Mad Money review, Mad Money DVD review
Starring
Diane Keaton, Queen Latifah, Katie Holmes, Ted Danson, Roger Cross, Adam Rothenberg, Stephen Root
Director
Callie Khouri
Mad Money

Reviewed by David Medsker

()

B

y all rights, “Mad Money” should be an unholy mess. For starters, look no further than the casting. Diane Keaton, Katie Holmes and Queen Latifah in a movie? And not just any movie, but a comedy about three women who rob the Federal Reserve? No, no, and hell to the no. But “Mad Money,” in spite of itself, manages to be occasionally bearable. That may not sound like an endorsement, but that is as flattering a comment they’re gonna get, and it is arguably more flattering than the movie deserves.

Diane Keaton is Bridget, a kept woman who’s forced to look for a job when her breadwinning husband (Ted Danson) is downsized and their debt threatens to destroy their lavish lifestyle. Bridget has no real marketable skills, and winds up with a job as a janitor for the Kansas City Federal Reserve. As she watches Nina (Queen Latifah), whose job is to destroy the bills that the Fed takes out of circulation, she devises a plan to skim from the till before the money is destroyed. For her plan to work, though, she needs a “cart girl,” in this case the trailer park space case Jackie (Katie Holmes), to help them. The plan, amazingly, works, but problems arise when Bridget wants to keep stealing while Nina, a single mom, fears getting caught and losing custody of her kids. Nina’s fears are compounded when security guard Barry (Roger Cross) catches on to their scheme.

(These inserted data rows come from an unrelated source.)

(* Let $\{S;\tilde w_1,\dots,\tilde w_N;p_1,\dots,p_N\}$ be a DIFS. Let $I\subset\{1,\dots,N\}$ be the set of indices $i$ for which the minimal absorbing set $\mathcal M[\tilde w_i,S]$ exists, and suppose $I\neq\varnothing$. Let $\mathcal A_{\mathcal F}$ be the family of the recurrent communication classes of the associated Markov chain. Then: (a) $|\mathcal A_{\mathcal F}|\le\min_{i\in I}\mathcal M_\#[\tilde w_i,S]$, where $\mathcal M_\#[\tilde w_i,S]$ denotes the number of components of $\mathcal M[\tilde w_i,S]$; (b) if for some $i,j\in I$ one has $\mathcal M[\tilde w_i,S]\subset\mathcal B[\mathcal M_k[\tilde w_j,S]]$ for some component $\mathcal M_k[\tilde w_j,S]$ of $\mathcal M[\tilde w_j,S]$, then $|\mathcal A_{\mathcal F}|\le1$.
   Context: $\mathcal D^n(\delta)=\{\delta m:m\in\mathbb Z^n\}$ for fixed $\delta>0$; $\mathbb N=\{1,2,\dots\}$. A DIFS $\{S;\tilde w_1,\dots,\tilde w_N;p_1,\dots,p_N\}$ consists of $S\subset\mathcal D^n(\delta)$, maps $\tilde w_i:S\to S$, and functions $p_i:S\to(0,1]$ with $\sum_ip_i(\tilde x)=1$ for every $\tilde x\in S$; its associated Markov chain on $S$ has transition probabilities $P(\tilde x,\tilde y)=\sum_ip_i(\tilde x)\mathbf 1_{\{\tilde y\}}(\tilde w_i(\tilde x))$. Accessibility: $P^k(\tilde x,\tilde y)>0$ for some $k\ge1$; a communication class is a maximal nonempty set of mutually accessible states; a state is recurrent if the chain started there returns to it in finitely many steps a.s.; a recurrent communication class is a communication class of recurrent states. Absorbing sets: for a map $\tilde w$ and nonempty $C$ with $\tilde w(C)\subset C$, a set $\Lambda\subset C$ is absorbing for $\tilde w$ in $C$ if for each $\tilde x\in C$ there is $N$ with $\tilde w^{\circ i}(\tilde x)\in\Lambda$ for all $i\ge N$. If the intersection of all absorbing sets for $\tilde w$ in $C$ is itself absorbing in $C$, it is the minimal absorbing set $\mathcal M[\tilde w,C]$ (and it is said to exist). Its components are the equivalence classes of the relation $\tilde x\sim\tilde y\iff\tilde w^{\circ j}(\tilde x)=\tilde w^{\circ l}(\tilde y)$ for some $j,l\in\mathbb N$; the basin of a component $\mathcal M_k$ is $\mathcal B[\mathcal M_k]=\{\tilde x\in C:\exists i\in\mathbb N,\ \tilde w^{\circ i}(\tilde x)\in\mathcal M_k\}$. *)

theory Defs
  imports "HOL-Analysis.Analysis" "HOL-Library.Extended_Nat"
begin

definition lattice :: "real \<Rightarrow> (real ^ 'n) set" where
  "lattice \<delta> = {x. \<forall>i. \<exists>m::int. x $ i = \<delta> * of_int m}"

definition is_DIFS :: "real \<Rightarrow> 'a set \<Rightarrow> nat \<Rightarrow> (nat \<Rightarrow> 'a \<Rightarrow> 'a) \<Rightarrow> (nat \<Rightarrow> 'a \<Rightarrow> real) \<Rightarrow> bool"
  where "is_DIFS \<delta> S N w p \<longleftrightarrow>
     (\<forall>i\<in>{1..N}. w i ` S \<subseteq> S) \<and>
     (\<forall>i\<in>{1..N}. \<forall>x\<in>S. 0 < p i x \<and> p i x \<le> 1) \<and>
     (\<forall>x\<in>S. (\<Sum>i=1..N. p i x) = 1)"

definition trans_prob :: "nat \<Rightarrow> (nat \<Rightarrow> 'a \<Rightarrow> 'a) \<Rightarrow> (nat \<Rightarrow> 'a \<Rightarrow> real) \<Rightarrow> 'a \<Rightarrow> 'a \<Rightarrow> real"
  where "trans_prob N w p x y = (\<Sum>i=1..N. p i x * (if w i x = y then 1 else 0))"

fun nstep :: "nat \<Rightarrow> (nat \<Rightarrow> 'a \<Rightarrow> 'a) \<Rightarrow> (nat \<Rightarrow> 'a \<Rightarrow> real) \<Rightarrow> nat \<Rightarrow> 'a \<Rightarrow> 'a \<Rightarrow> real" where
  "nstep N w p 0 x y = (if x = y then 1 else 0)"
| "nstep N w p (Suc k) x y = (\<Sum>i=1..N. p i x * nstep N w p k (w i x) y)"

definition accessible :: "nat \<Rightarrow> (nat \<Rightarrow> 'a \<Rightarrow> 'a) \<Rightarrow> (nat \<Rightarrow> 'a \<Rightarrow> real) \<Rightarrow> 'a \<Rightarrow> 'a \<Rightarrow> bool"
  where "accessible N w p x y \<longleftrightarrow> (\<exists>k\<ge>1. nstep N w p k x y > 0)"

text \<open>Probability that the chain started at x first hits y at step k (k >= 1).\<close>
fun first_hit :: "nat \<Rightarrow> (nat \<Rightarrow> 'a \<Rightarrow> 'a) \<Rightarrow> (nat \<Rightarrow> 'a \<Rightarrow> real) \<Rightarrow> nat \<Rightarrow> 'a \<Rightarrow> 'a \<Rightarrow> real" where
  "first_hit N w p 0 x y = 0"
| "first_hit N w p (Suc 0) x y = trans_prob N w p x y"
| "first_hit N w p (Suc (Suc k)) x y =
     (\<Sum>i=1..N. p i x * (if w i x = y then 0 else first_hit N w p (Suc k) (w i x) y))"

text \<open>Recurrent: the chain started at x returns to x in finitely many steps almost surely,
  i.e. the first-return probabilities sum to 1.\<close>
definition recurrent :: "nat \<Rightarrow> (nat \<Rightarrow> 'a \<Rightarrow> 'a) \<Rightarrow> (nat \<Rightarrow> 'a \<Rightarrow> real) \<Rightarrow> 'a \<Rightarrow> bool"
  where "recurrent N w p x \<longleftrightarrow> (\<lambda>k. first_hit N w p k x x) sums 1"

definition mutually_accessible :: "nat \<Rightarrow> (nat \<Rightarrow> 'a \<Rightarrow> 'a) \<Rightarrow> (nat \<Rightarrow> 'a \<Rightarrow> real) \<Rightarrow> 'a set \<Rightarrow> bool"
  where "mutually_accessible N w p C \<longleftrightarrow> (\<forall>x\<in>C. \<forall>y\<in>C. accessible N w p x y)"

definition comm_class :: "'a set \<Rightarrow> nat \<Rightarrow> (nat \<Rightarrow> 'a \<Rightarrow> 'a) \<Rightarrow> (nat \<Rightarrow> 'a \<Rightarrow> real) \<Rightarrow> 'a set \<Rightarrow> bool"
  where "comm_class S N w p C \<longleftrightarrow> C \<noteq> {} \<and> C \<subseteq> S \<and> mutually_accessible N w p C \<and>
           (\<forall>D. C \<subseteq> D \<and> D \<subseteq> S \<and> mutually_accessible N w p D \<longrightarrow> D = C)"

definition recurrent_classes :: "'a set \<Rightarrow> nat \<Rightarrow> (nat \<Rightarrow> 'a \<Rightarrow> 'a) \<Rightarrow> (nat \<Rightarrow> 'a \<Rightarrow> real) \<Rightarrow> 'a set set"
  where "recurrent_classes S N w p =
           {C. comm_class S N w p C \<and> (\<forall>x\<in>C. recurrent N w p x)}"

definition absorbing :: "('a \<Rightarrow> 'a) \<Rightarrow> 'a set \<Rightarrow> 'a set \<Rightarrow> bool"
  where "absorbing f C L \<longleftrightarrow> L \<subseteq> C \<and> (\<forall>x\<in>C. \<exists>M. \<forall>i\<ge>M. (f ^^ i) x \<in> L)"

definition min_abs :: "('a \<Rightarrow> 'a) \<Rightarrow> 'a set \<Rightarrow> 'a set"
  where "min_abs f C = \<Inter> {L. absorbing f C L}"

definition min_abs_exists :: "('a \<Rightarrow> 'a) \<Rightarrow> 'a set \<Rightarrow> bool"
  where "min_abs_exists f C \<longleftrightarrow> absorbing f C (min_abs f C)"

definition comp_rel :: "('a \<Rightarrow> 'a) \<Rightarrow> 'a set \<Rightarrow> ('a \<times> 'a) set"
  where "comp_rel f M = {(x, y). x \<in> M \<and> y \<in> M \<and> (\<exists>j\<ge>1. \<exists>l\<ge>1. (f ^^ j) x = (f ^^ l) y)}"

definition components :: "('a \<Rightarrow> 'a) \<Rightarrow> 'a set \<Rightarrow> 'a set set"
  where "components f C = min_abs f C // comp_rel f (min_abs f C)"

definition basin :: "('a \<Rightarrow> 'a) \<Rightarrow> 'a set \<Rightarrow> 'a set \<Rightarrow> 'a set"
  where "basin f C K = {x \<in> C. \<exists>i\<ge>1. (f ^^ i) x \<in> K}"

definition ecard :: "'a set \<Rightarrow> enat"
  where "ecard A = (if finite A then enat (card A) else \<infinity>)"

end

(*
  Every map w i keeps a recurrent class C invariant: from x in C the chain reaches w i x in one
  step, and recurrence of x forces w i x to lead back to x. For the latter, the probability h z
  of ever hitting x from z satisfies h z = (sum of p i z * (if w i z = x then 1 else h (w i z)))
  with h <= 1, so h z = 1 propagates along every path of positive probability, while h x = 1 is
  recurrence of x.

  Hence forward w i-orbits of points of C stay in C. If the minimal absorbing set of w i exists,
  such an orbit eventually enters it, so C meets a component of w i; two recurrent classes
  meeting the same component contain points whose orbits merge, so they intersect and coincide.
  This injects recurrent classes into components, which is (a). Under the hypothesis of (b),
  every recurrent class meets the one component K, so there is at most one.
*)
theory Submission
  imports Defs
begin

The movie’s premise can’t win for losing. If they play it as a screwball comedy, then it hits the aforementioned unholy mess levels, because it would allow Diane Keaton to mug even more than she already does, and the woman needs to be muzzled as it is. (We won’t even get into how far Katie Holmes has fallen as an actress.) Instead, they play it as a dramedy, but that decision results in about a million red-flag moments where every bone in your body will scream, “For the love of God, noooooooo!” Given the choice between smart people occasionally doing dumb things and dumb people doing reaaaaallly dumb things, I would opt for the former just as the movie does, but neither choice is much of an option. Good thing Queen Latifah and Danson are there to balance out the lunatics that surround them. Indeed, Danson’s character actually gets smarter as the movie goes along, which is the exact opposite of everyone else in the movie.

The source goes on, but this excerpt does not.